(Stored items)
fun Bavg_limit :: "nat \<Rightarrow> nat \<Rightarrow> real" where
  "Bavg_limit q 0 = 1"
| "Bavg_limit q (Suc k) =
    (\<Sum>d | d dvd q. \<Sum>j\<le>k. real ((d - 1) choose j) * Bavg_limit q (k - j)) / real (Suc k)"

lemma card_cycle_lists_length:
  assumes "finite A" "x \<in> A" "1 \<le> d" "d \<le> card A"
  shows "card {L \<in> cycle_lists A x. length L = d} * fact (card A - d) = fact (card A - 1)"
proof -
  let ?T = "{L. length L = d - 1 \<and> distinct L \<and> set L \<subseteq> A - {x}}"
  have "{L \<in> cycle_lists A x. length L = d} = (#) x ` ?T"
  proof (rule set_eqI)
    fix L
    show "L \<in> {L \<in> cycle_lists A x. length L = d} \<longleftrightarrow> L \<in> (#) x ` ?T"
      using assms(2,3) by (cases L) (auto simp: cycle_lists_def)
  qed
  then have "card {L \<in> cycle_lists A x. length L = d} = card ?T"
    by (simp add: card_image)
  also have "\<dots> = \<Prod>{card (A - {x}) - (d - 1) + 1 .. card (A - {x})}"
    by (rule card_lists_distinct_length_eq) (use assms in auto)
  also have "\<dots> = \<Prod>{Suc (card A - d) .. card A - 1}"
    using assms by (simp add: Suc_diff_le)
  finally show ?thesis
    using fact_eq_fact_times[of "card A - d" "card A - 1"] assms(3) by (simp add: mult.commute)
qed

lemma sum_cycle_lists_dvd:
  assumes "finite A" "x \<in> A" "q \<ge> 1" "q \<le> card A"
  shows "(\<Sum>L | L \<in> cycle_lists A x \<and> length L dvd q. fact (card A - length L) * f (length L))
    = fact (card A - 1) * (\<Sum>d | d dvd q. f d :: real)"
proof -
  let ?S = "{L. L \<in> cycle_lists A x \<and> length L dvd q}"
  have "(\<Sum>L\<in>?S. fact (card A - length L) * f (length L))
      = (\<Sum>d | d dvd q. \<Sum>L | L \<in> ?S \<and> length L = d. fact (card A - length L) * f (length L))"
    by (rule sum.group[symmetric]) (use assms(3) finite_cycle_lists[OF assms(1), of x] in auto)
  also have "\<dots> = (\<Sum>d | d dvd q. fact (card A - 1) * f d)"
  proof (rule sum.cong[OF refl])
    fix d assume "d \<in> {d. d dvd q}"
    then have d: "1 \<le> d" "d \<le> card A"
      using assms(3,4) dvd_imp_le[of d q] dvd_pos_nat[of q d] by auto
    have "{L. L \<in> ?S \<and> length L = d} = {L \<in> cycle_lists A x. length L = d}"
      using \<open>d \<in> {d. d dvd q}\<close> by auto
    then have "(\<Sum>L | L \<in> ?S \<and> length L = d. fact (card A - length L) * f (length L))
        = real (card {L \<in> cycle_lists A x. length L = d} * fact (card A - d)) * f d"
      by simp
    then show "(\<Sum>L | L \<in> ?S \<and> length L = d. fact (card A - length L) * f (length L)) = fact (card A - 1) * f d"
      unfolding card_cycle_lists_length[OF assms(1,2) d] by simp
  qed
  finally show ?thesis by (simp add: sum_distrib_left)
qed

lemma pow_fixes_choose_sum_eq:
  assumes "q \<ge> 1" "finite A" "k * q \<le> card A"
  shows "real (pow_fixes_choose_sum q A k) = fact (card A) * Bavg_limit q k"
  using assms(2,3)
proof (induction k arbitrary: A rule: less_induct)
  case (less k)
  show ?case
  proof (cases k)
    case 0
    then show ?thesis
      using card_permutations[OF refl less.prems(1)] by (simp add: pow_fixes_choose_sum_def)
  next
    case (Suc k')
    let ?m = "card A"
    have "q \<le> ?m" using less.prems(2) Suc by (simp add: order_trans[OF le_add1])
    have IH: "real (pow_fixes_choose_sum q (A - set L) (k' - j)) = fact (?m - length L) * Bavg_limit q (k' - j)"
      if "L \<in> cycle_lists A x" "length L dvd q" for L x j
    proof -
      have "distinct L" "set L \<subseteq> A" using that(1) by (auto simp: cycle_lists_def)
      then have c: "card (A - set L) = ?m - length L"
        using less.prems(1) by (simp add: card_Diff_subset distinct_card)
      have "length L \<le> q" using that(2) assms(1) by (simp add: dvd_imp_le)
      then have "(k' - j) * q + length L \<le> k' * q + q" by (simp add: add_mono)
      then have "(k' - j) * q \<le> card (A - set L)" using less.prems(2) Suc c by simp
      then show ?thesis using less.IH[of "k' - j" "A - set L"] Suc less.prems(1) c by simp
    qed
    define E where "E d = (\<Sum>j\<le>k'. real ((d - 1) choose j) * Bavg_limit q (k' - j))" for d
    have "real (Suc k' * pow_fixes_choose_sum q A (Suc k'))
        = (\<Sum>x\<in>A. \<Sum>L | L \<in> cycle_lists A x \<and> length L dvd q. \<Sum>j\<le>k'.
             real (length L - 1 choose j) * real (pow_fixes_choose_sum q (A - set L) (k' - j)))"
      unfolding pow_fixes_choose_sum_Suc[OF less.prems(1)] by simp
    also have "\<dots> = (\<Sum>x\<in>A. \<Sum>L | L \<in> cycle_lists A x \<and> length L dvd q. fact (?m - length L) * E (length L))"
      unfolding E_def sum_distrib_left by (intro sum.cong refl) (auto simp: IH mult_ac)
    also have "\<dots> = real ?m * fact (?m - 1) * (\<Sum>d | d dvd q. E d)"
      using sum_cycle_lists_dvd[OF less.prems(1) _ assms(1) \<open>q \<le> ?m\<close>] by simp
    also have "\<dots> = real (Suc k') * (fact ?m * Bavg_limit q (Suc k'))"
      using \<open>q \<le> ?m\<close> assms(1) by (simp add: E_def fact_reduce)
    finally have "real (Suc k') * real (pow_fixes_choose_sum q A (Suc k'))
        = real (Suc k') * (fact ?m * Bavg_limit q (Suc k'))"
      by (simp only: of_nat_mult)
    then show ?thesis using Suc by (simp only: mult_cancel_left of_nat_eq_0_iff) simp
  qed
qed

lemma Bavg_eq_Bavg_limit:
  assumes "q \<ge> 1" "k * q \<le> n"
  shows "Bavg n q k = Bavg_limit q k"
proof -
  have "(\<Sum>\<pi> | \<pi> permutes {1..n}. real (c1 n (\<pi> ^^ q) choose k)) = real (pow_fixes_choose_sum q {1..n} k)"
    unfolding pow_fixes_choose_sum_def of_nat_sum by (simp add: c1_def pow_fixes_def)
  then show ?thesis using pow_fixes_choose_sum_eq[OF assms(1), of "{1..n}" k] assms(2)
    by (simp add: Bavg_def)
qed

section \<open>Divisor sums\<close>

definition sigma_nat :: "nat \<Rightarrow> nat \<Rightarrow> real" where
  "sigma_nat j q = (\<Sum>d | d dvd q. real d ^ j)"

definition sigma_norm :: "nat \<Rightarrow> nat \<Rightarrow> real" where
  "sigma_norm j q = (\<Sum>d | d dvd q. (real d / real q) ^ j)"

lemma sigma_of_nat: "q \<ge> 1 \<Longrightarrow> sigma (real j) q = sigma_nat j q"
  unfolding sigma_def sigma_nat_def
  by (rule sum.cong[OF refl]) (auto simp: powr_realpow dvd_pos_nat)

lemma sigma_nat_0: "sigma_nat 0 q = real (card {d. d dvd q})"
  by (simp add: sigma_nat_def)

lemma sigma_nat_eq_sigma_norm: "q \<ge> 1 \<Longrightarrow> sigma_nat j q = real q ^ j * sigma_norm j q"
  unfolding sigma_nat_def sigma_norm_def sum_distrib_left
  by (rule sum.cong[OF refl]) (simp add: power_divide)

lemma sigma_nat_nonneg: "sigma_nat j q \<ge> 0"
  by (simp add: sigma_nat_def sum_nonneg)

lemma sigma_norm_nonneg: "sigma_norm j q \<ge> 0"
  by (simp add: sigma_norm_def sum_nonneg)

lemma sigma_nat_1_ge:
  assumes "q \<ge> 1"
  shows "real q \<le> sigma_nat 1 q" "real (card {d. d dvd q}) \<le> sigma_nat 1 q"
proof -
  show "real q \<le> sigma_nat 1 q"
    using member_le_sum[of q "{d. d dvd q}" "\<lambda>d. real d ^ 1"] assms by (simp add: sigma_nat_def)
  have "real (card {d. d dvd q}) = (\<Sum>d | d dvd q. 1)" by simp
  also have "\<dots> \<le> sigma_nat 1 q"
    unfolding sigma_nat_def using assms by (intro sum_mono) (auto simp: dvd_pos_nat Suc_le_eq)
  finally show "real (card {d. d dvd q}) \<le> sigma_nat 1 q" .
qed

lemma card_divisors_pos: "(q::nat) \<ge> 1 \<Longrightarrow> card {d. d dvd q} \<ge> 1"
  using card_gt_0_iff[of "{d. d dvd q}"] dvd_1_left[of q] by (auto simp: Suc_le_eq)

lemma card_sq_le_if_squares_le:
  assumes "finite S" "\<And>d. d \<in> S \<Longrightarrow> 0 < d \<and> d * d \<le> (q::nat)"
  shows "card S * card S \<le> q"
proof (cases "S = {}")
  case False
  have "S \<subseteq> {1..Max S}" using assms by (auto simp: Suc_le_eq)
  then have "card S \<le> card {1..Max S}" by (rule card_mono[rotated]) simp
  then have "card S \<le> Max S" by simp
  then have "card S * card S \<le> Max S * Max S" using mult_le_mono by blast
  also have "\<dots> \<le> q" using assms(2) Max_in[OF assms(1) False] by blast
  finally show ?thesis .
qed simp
---
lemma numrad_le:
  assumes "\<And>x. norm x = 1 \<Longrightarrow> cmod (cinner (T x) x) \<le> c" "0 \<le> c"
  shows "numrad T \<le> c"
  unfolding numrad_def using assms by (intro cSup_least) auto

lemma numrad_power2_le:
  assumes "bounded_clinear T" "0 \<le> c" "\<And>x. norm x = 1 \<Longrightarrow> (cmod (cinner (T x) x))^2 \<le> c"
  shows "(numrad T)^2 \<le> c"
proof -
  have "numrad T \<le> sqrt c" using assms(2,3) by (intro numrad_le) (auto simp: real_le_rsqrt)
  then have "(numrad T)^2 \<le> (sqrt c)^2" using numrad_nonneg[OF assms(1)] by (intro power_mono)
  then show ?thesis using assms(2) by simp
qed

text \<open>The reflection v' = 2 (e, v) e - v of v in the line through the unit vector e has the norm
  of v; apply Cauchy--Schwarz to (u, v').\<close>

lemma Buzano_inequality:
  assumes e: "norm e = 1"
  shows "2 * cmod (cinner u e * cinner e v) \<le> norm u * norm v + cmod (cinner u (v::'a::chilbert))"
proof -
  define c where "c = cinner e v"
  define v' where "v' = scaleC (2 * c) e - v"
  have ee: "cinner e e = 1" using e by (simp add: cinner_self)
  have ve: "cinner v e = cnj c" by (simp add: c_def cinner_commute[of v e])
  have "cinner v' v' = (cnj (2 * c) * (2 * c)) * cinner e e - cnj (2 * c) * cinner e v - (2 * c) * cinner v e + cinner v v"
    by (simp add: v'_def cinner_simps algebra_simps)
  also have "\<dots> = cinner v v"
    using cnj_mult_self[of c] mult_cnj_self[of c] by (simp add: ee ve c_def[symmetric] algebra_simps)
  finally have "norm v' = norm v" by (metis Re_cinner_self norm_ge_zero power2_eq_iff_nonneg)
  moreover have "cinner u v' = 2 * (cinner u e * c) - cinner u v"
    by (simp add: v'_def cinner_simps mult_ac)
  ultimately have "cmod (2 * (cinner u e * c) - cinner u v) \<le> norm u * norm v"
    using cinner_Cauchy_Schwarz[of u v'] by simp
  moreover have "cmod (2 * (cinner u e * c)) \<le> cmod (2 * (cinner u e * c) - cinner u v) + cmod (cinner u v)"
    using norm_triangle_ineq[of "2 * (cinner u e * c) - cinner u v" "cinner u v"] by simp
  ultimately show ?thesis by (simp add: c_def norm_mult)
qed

### Work order
Taking the records above, retype every line from the one with "A - 1) * (\<Sum>d" down to the one with "(length L)) = fact", exactly and with nothing else.

### Exercise answer
    = fact (card A - 1) * (\<Sum>d | d dvd q. f d :: real)"
proof -
  let ?S = "{L. L \<in> cycle_lists A x \<and> length L dvd q}"
  have "(\<Sum>L\<in>?S. fact (card A - length L) * f (length L))
      = (\<Sum>d | d dvd q. \<Sum>L | L \<in> ?S \<and> length L = d. fact (card A - length L) * f (length L))"
    by (rule sum.group[symmetric]) (use assms(3) finite_cycle_lists[OF assms(1), of x] in auto)
  also have "\<dots> = (\<Sum>d | d dvd q. fact (card A - 1) * f d)"
  proof (rule sum.cong[OF refl])
    fix d assume "d \<in> {d. d dvd q}"
    then have d: "1 \<le> d" "d \<le> card A"
      using assms(3,4) dvd_imp_le[of d q] dvd_pos_nat[of q d] by auto
    have "{L. L \<in> ?S \<and> length L = d} = {L \<in> cycle_lists A x. length L = d}"
      using \<open>d \<in> {d. d dvd q}\<close> by auto
    then have "(\<Sum>L | L \<in> ?S \<and> length L = d. fact (card A - length L) * f (length L))
        = real (card {L \<in> cycle_lists A x. length L = d} * fact (card A - d)) * f d"
      by simp
    then show "(\<Sum>L | L \<in> ?S \<and> length L = d. fact (card A - length L) * f (length L)) = fact (card A - 1) * f d"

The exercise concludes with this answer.